● THE RECORDS
== Segment start ==
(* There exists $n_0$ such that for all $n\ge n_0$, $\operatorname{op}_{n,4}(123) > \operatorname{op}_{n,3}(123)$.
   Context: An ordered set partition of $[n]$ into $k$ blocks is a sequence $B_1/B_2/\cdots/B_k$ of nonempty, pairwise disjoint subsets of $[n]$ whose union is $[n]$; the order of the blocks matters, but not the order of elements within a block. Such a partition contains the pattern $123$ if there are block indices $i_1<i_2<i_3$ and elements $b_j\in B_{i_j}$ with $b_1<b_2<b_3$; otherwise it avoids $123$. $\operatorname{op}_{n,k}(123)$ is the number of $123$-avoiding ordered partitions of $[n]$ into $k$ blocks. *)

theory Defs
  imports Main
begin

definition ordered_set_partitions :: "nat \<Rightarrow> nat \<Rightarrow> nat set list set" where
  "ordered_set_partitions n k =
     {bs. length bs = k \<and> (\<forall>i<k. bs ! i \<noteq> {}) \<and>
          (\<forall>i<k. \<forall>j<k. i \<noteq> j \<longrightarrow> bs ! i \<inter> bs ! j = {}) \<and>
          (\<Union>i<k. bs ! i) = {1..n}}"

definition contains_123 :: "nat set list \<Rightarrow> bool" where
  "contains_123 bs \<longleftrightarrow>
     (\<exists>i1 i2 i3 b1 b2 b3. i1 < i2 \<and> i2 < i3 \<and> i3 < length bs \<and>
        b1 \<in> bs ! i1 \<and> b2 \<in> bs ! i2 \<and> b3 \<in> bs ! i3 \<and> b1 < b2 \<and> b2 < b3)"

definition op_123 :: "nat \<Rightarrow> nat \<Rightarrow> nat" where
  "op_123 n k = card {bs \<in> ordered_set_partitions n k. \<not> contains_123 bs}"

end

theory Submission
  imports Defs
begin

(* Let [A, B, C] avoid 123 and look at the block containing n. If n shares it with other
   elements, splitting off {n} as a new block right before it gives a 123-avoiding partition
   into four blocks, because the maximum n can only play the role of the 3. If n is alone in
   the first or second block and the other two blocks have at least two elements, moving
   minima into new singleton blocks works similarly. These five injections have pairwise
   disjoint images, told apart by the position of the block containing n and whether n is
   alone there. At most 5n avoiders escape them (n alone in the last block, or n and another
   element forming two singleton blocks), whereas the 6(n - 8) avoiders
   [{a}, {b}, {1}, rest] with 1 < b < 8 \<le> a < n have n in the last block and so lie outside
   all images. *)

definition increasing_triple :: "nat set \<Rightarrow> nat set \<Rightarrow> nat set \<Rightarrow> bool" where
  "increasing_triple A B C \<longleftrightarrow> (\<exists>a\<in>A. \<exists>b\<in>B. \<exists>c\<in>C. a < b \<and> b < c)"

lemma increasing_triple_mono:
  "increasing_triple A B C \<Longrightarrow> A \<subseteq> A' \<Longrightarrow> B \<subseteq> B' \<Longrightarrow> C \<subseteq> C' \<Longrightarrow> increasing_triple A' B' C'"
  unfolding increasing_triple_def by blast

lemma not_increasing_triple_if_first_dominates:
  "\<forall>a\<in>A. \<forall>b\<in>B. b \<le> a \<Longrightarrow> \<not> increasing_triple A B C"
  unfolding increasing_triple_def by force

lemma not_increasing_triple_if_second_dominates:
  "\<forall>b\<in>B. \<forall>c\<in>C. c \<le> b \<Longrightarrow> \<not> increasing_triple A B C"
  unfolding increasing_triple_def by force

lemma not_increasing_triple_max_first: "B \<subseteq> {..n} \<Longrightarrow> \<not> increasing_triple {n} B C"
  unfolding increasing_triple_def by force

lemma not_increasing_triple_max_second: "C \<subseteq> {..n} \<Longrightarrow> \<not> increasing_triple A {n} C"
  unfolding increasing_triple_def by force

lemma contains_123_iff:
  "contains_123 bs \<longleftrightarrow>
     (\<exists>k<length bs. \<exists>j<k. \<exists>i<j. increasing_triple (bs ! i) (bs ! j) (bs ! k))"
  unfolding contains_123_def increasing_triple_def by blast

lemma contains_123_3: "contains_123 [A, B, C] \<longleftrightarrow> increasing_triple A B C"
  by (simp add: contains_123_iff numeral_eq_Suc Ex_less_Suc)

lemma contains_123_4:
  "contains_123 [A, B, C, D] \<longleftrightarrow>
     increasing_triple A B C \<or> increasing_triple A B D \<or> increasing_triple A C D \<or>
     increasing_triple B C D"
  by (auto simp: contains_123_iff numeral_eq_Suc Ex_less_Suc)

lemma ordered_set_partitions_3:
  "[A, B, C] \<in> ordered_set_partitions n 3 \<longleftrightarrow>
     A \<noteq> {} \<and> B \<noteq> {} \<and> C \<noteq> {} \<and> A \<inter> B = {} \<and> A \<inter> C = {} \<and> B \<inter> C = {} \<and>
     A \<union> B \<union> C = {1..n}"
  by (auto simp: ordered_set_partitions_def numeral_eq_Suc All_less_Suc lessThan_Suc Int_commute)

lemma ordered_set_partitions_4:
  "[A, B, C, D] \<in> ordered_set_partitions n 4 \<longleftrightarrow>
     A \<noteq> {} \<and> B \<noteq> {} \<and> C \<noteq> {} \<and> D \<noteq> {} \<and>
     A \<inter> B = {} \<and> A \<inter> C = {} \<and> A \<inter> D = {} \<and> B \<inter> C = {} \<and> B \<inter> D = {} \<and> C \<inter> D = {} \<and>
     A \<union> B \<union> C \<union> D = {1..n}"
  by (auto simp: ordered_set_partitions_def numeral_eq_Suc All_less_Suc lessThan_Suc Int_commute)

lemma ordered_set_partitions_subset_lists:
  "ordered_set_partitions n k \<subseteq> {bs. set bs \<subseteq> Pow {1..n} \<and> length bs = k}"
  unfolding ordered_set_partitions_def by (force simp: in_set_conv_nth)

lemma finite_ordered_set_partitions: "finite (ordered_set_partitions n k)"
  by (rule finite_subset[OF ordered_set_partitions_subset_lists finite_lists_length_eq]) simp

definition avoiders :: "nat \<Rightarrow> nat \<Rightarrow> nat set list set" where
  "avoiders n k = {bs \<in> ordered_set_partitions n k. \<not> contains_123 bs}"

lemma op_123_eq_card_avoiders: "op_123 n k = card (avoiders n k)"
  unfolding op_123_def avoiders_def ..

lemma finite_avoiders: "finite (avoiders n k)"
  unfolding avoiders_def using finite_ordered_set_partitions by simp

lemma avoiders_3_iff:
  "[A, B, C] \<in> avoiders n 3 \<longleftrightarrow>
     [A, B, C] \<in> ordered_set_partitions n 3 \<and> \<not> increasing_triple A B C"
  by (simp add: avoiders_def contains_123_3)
== Segment end ==
== Segment start ==
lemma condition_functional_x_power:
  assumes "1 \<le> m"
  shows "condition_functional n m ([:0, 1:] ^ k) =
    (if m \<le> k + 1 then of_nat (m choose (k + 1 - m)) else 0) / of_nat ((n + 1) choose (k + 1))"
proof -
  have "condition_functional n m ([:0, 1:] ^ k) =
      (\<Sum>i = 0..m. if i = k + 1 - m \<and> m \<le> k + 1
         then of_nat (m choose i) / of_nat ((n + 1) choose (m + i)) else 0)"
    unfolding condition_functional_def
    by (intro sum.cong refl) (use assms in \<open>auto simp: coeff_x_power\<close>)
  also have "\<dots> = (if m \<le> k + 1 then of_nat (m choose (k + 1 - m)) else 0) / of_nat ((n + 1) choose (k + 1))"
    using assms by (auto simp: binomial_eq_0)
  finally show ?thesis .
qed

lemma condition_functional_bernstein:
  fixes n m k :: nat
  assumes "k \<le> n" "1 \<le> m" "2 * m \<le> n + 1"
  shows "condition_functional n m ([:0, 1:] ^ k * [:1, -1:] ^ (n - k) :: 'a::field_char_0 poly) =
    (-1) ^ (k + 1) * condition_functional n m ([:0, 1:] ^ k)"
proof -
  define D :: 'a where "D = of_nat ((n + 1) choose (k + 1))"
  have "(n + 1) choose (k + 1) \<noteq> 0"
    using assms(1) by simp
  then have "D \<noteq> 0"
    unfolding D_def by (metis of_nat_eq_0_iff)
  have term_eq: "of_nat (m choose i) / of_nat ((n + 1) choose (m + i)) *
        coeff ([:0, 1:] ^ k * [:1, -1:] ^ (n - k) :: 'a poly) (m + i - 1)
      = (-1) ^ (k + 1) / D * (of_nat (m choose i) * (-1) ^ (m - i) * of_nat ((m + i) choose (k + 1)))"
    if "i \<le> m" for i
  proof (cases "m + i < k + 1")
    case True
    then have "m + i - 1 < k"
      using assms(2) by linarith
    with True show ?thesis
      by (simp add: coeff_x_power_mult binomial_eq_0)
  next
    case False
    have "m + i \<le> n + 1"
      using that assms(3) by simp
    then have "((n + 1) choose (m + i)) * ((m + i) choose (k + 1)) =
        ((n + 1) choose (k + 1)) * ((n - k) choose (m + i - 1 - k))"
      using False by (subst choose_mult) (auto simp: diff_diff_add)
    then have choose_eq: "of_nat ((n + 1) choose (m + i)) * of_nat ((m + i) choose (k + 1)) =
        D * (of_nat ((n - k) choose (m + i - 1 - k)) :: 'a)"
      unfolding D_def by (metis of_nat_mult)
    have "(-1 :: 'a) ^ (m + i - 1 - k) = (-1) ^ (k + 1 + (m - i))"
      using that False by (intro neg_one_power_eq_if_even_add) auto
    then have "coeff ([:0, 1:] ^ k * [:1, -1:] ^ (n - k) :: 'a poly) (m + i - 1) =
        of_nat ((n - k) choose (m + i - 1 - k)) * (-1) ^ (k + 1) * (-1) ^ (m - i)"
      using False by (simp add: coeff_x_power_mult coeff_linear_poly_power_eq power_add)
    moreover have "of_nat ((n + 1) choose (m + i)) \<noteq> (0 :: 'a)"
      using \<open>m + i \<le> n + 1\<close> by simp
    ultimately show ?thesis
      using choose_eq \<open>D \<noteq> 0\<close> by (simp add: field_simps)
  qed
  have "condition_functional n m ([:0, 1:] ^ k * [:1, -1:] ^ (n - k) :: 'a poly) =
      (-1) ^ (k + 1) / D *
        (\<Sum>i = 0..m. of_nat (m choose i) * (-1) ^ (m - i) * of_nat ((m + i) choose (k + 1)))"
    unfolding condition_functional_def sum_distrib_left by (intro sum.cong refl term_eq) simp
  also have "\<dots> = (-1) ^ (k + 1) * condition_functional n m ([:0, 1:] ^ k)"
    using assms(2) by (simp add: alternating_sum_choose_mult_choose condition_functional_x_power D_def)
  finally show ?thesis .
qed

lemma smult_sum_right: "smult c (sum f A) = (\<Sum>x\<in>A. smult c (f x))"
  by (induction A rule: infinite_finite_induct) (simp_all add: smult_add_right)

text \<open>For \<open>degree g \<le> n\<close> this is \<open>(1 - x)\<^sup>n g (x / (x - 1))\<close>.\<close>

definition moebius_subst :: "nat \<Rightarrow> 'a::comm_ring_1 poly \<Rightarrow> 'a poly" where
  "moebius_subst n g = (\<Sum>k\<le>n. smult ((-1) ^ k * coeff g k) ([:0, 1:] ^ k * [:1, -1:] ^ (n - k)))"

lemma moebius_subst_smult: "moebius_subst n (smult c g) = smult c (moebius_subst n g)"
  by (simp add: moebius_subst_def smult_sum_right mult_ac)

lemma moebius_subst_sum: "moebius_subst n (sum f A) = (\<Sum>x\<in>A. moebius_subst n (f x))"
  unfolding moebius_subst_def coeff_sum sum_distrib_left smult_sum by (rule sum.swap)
== Segment end ==
● TRY IT
Provide the number of lines above containing "also" and nothing else.

● COMPLETED EXERCISE
2